Problem to solve. Below is a block of entries; repeat exactly the lines starting at the line that contains "using assms by" and ending at the line that contains "fix x y assume", both included.

══ Data listing

(* Let $X$ be a complete nonsingular toric variety which is Fano and all of whose toric subvarieties are Fano. Let $\widehat D$ be an exceptional divisor, with primitive relation $\rho_1+\cdots+\rho_k=\widehat\rho$. Then there exists a morphism of nonsingular toric varieties $X\to X'$ such that $\sigma:=\langle\rho_1,\ldots,\rho_k\rangle$ is a cone of the fan $\Delta'$ of $X'$ and $X\to X'$ is the blowing up of $X'$ along the toric subvariety $X'(\sigma)$.
   Context: $X$ has fan $\Delta$ in $N_{\mathbb R}$; each toric divisor $D$ corresponds to a ray generator $\rho$. A primitive set is a set $\{D_1,\ldots,D_k\}$ of toric divisors with empty intersection whose proper subsets all have nonempty intersection; for such $X$ its primitive relation is either $\rho_1+\cdots+\rho_k=0$ or $\rho_1+\cdots+\rho_k=\widehat\rho$ for a ray generator $\widehat\rho$. The toric divisor $\widehat D$ of $\widehat\rho$ is then called exceptional. For a cone $\sigma$ of a fan $\Delta'$, $X'(\sigma)$ is the corresponding torus-orbit closure. *)

theory Defs
  imports "HOL-Analysis.Analysis"
begin

text \<open>Toric varieties are encoded by their fans in N_R = real^'n with lattice N = integer
vectors. A nonsingular fan is simplicial, so each cone is recorded by the finite set of
its primitive ray generators.\<close>

definition lattice_vec :: "real^'n \<Rightarrow> bool" where
  "lattice_vec v \<longleftrightarrow> (\<forall>i. v$i \<in> \<int>)"

definition lattice_basis :: "(real^'n) set \<Rightarrow> bool" where
  "lattice_basis B \<longleftrightarrow> finite B \<and> card B = CARD('n) \<and> (\<forall>b\<in>B. lattice_vec b) \<and>
     (\<forall>v. lattice_vec v \<longrightarrow> (\<exists>c. (\<forall>b\<in>B. c b \<in> \<int>) \<and> v = (\<Sum>b\<in>B. c b *\<^sub>R b)))"

definition pos_hull :: "(real^'n) set \<Rightarrow> (real^'n) set" where
  "pos_hull S = {\<Sum>s\<in>S. c s *\<^sub>R s | c. \<forall>s\<in>S. 0 \<le> c s}"

definition nonsingular_fan :: "(real^'n) set set \<Rightarrow> bool" where
  "nonsingular_fan \<Delta> \<longleftrightarrow> finite \<Delta> \<and> {} \<in> \<Delta> \<and>
     (\<forall>S\<in>\<Delta>. \<forall>T. T \<subseteq> S \<longrightarrow> T \<in> \<Delta>) \<and>
     (\<forall>S\<in>\<Delta>. \<exists>B. lattice_basis B \<and> S \<subseteq> B) \<and>
     (\<forall>S\<in>\<Delta>. \<forall>T\<in>\<Delta>. pos_hull S \<inter> pos_hull T = pos_hull (S \<inter> T))"

definition complete_fan :: "(real^'n) set set \<Rightarrow> bool" where
  "complete_fan \<Delta> \<longleftrightarrow> \<Union>(pos_hull ` \<Delta>) = UNIV"

definition rays :: "(real^'n) set set \<Rightarrow> (real^'n) set" where
  "rays \<Delta> = {r. {r} \<in> \<Delta>}"

definition maximal_cone :: "(real^'n) set set \<Rightarrow> (real^'n) set \<Rightarrow> bool" where
  "maximal_cone \<Delta> \<sigma> \<longleftrightarrow> \<sigma> \<in> \<Delta> \<and> (\<forall>\<tau>\<in>\<Delta>. \<sigma> \<subseteq> \<tau> \<longrightarrow> \<tau> = \<sigma>)"

text \<open>The orbit closure X(tau) has fan Star(tau) projected to N_R / span tau; its rays are the
images of rays r with tau \<union> {r} a cone, r \<notin> tau, and linear functions on the quotient are
functionals u vanishing on tau. X(tau) is Fano iff the anticanonical support function of
this quotient fan is strictly convex: for every maximal cone sigma \<supseteq> tau there is u with
u = 0 on tau, u = 1 on the rays of sigma - tau, and u < 1 on all other rays of the star.\<close>
definition fano_orbit_closure :: "(real^'n) set set \<Rightarrow> (real^'n) set \<Rightarrow> bool" where
  "fano_orbit_closure \<Delta> \<tau> \<longleftrightarrow>
     (\<forall>\<sigma>. maximal_cone \<Delta> \<sigma> \<and> \<tau> \<subseteq> \<sigma> \<longrightarrow>
        (\<exists>u::real^'n. (\<forall>r\<in>\<tau>. inner u r = 0) \<and> (\<forall>r\<in>\<sigma> - \<tau>. inner u r = 1) \<and>
           (\<forall>r. r \<in> rays \<Delta> \<and> r \<notin> \<sigma> \<and> insert r \<tau> \<in> \<Delta> \<longrightarrow> inner u r < 1)))"

definition fano :: "(real^'n) set set \<Rightarrow> bool" where
  "fano \<Delta> \<longleftrightarrow> fano_orbit_closure \<Delta> {}"

definition all_toric_subvarieties_fano :: "(real^'n) set set \<Rightarrow> bool" where
  "all_toric_subvarieties_fano \<Delta> \<longleftrightarrow> (\<forall>\<tau>\<in>\<Delta>. fano_orbit_closure \<Delta> \<tau>)"

text \<open>Primitive set: divisors D_r (r \<in> P) with empty intersection (P not a cone) whose proper
subsets all have nonempty intersection (are cones).\<close>
definition primitive_collection :: "(real^'n) set set \<Rightarrow> (real^'n) set \<Rightarrow> bool" where
  "primitive_collection \<Delta> P \<longleftrightarrow> P \<subseteq> rays \<Delta> \<and> P \<notin> \<Delta> \<and> (\<forall>Q. Q \<subset> P \<longrightarrow> Q \<in> \<Delta>)"

text \<open>Star subdivision of Delta' at the cone sigma (fan of the blow-up of X' along X'(sigma)),
with new ray the sum of the generators of sigma.\<close>
definition star_subdivision :: "(real^'n) set set \<Rightarrow> (real^'n) set \<Rightarrow> (real^'n) set set" where
  "star_subdivision \<Delta>' \<sigma> =
     {\<tau>\<in>\<Delta>'. \<not> \<sigma> \<subseteq> \<tau>} \<union>
     {insert (\<Sum>\<sigma>) \<tau> | \<tau>. \<tau> \<in> \<Delta>' \<and> \<not> \<sigma> \<subseteq> \<tau> \<and> \<tau> \<union> \<sigma> \<in> \<Delta>'}"

end

theory Submission
  imports Defs
begin

text \<open>Let M be a maximal cone containing \<rho> = \<Sum>P. The Fano property of the orbit closure
  X(P \<inter> M) yields a linear function that vanishes on P \<inter> M, is 1 at \<rho> and is an integer
  < 1 at every generator of P spanning a cone with P \<inter> M; expanding \<rho> = \<Sum>P then shows that
  exactly one generator of P lies outside M. Flipping M across its facets, it follows that
  (S \<union> P) - {p} is a cone for every cone S \<ni> \<rho> and every p \<in> P. So deleting \<rho> and merging
  the cones S \<ni> \<rho> into (S - {\<rho>}) \<union> P gives a fan \<Delta>'; it is nonsingular because trading \<rho>
  for p in a lattice basis is unimodular, and \<Delta> is its star subdivision at P.\<close>

section \<open>Nonnegative and linear combinations\<close>

lemma sum_mem_convex_cone:
  assumes "convex_cone K" "\<And>a. a \<in> A \<Longrightarrow> f a \<in> K"
  shows "sum f A \<in> K"
  using assms by (induction A rule: infinite_finite_induct)
    (auto simp: convex_cone_contains_0 convex_cone_add)

lemma convex_cone_pos_hull: "convex_cone (pos_hull S)"
  unfolding convex_cone_iff
proof (intro conjI ballI allI impI)
  show "0 \<in> pos_hull S"
    unfolding pos_hull_def by (rule CollectI, rule exI[of _ "\<lambda>_. 0"]) auto
next
  fix x y assume "x \<in> pos_hull S" "y \<in> pos_hull S"
  then obtain c d where "x = (\<Sum>s\<in>S. c s *\<^sub>R s)" "\<forall>s\<in>S. 0 \<le> c s"
    and "y = (\<Sum>s\<in>S. d s *\<^sub>R s)" "\<forall>s\<in>S. 0 \<le> d s"
    unfolding pos_hull_def by auto
  then show "x + y \<in> pos_hull S"
    unfolding pos_hull_def
    by (intro CollectI exI[of _ "\<lambda>s. c s + d s"]) (auto simp: scaleR_add_left sum.distrib)
next
  fix x and a :: real assume "x \<in> pos_hull S" "0 \<le> a"
  then obtain c where "x = (\<Sum>s\<in>S. c s *\<^sub>R s)" "\<forall>s\<in>S. 0 \<le> c s"
    unfolding pos_hull_def by auto
  with \<open>0 \<le> a\<close> show "a *\<^sub>R x \<in> pos_hull S"
    unfolding pos_hull_def
    by (intro CollectI exI[of _ "\<lambda>s. a * c s"]) (auto simp: scaleR_sum_right)
qed

lemma pos_hull_eq_convex_cone_hull:
  assumes "finite S"
  shows "pos_hull S = convex_cone hull S"
proof
  show "pos_hull S \<subseteq> convex_cone hull S"
  proof
    fix x assume "x \<in> pos_hull S"
    then obtain c where "x = (\<Sum>s\<in>S. c s *\<^sub>R s)" "\<forall>s\<in>S. 0 \<le> c s"
      unfolding pos_hull_def by auto
    then show "x \<in> convex_cone hull S"
      by (auto intro: sum_mem_convex_cone convex_cone_convex_cone_hull convex_cone_hull_mul hull_inc)
  qed
  have "s \<in> pos_hull S" if "s \<in> S" for s
  proof -
    have "s = (\<Sum>t\<in>S. (if t = s then 1 else 0) *\<^sub>R t)"
      using assms that by (simp add: if_distrib[of "\<lambda>k. k *\<^sub>R _"] cong: if_cong)
    then show ?thesis
      unfolding pos_hull_def by (intro CollectI exI[of _ "\<lambda>t. if t = s then 1 else 0"]) auto
  qed
  then show "convex_cone hull S \<subseteq> pos_hull S"
    by (intro hull_minimal convex_cone_pos_hull) auto
qed

lemma closed_pos_hull: "finite S \<Longrightarrow> closed (pos_hull S)"
  by (simp add: pos_hull_eq_convex_cone_hull closed_convex_cone_hull)

lemma pos_hull_mono: "finite S \<Longrightarrow> A \<subseteq> S \<Longrightarrow> pos_hull A \<subseteq> pos_hull S"
  by (simp add: pos_hull_eq_convex_cone_hull finite_subset hull_mono)

lemma sum_mem_pos_hull:
  assumes "finite S" "A \<subseteq> S"
  shows "\<Sum>A \<in> pos_hull S"
  unfolding pos_hull_eq_convex_cone_hull[OF assms(1)] using assms(2)
  by (intro sum_mem_convex_cone convex_cone_convex_cone_hull) (auto intro: hull_inc)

════

Result of this task.
  using assms by (induction A rule: infinite_finite_induct)
    (auto simp: convex_cone_contains_0 convex_cone_add)

lemma convex_cone_pos_hull: "convex_cone (pos_hull S)"
  unfolding convex_cone_iff
proof (intro conjI ballI allI impI)
  show "0 \<in> pos_hull S"
    unfolding pos_hull_def by (rule CollectI, rule exI[of _ "\<lambda>_. 0"]) auto
next
  fix x y assume "x \<in> pos_hull S" "y \<in> pos_hull S"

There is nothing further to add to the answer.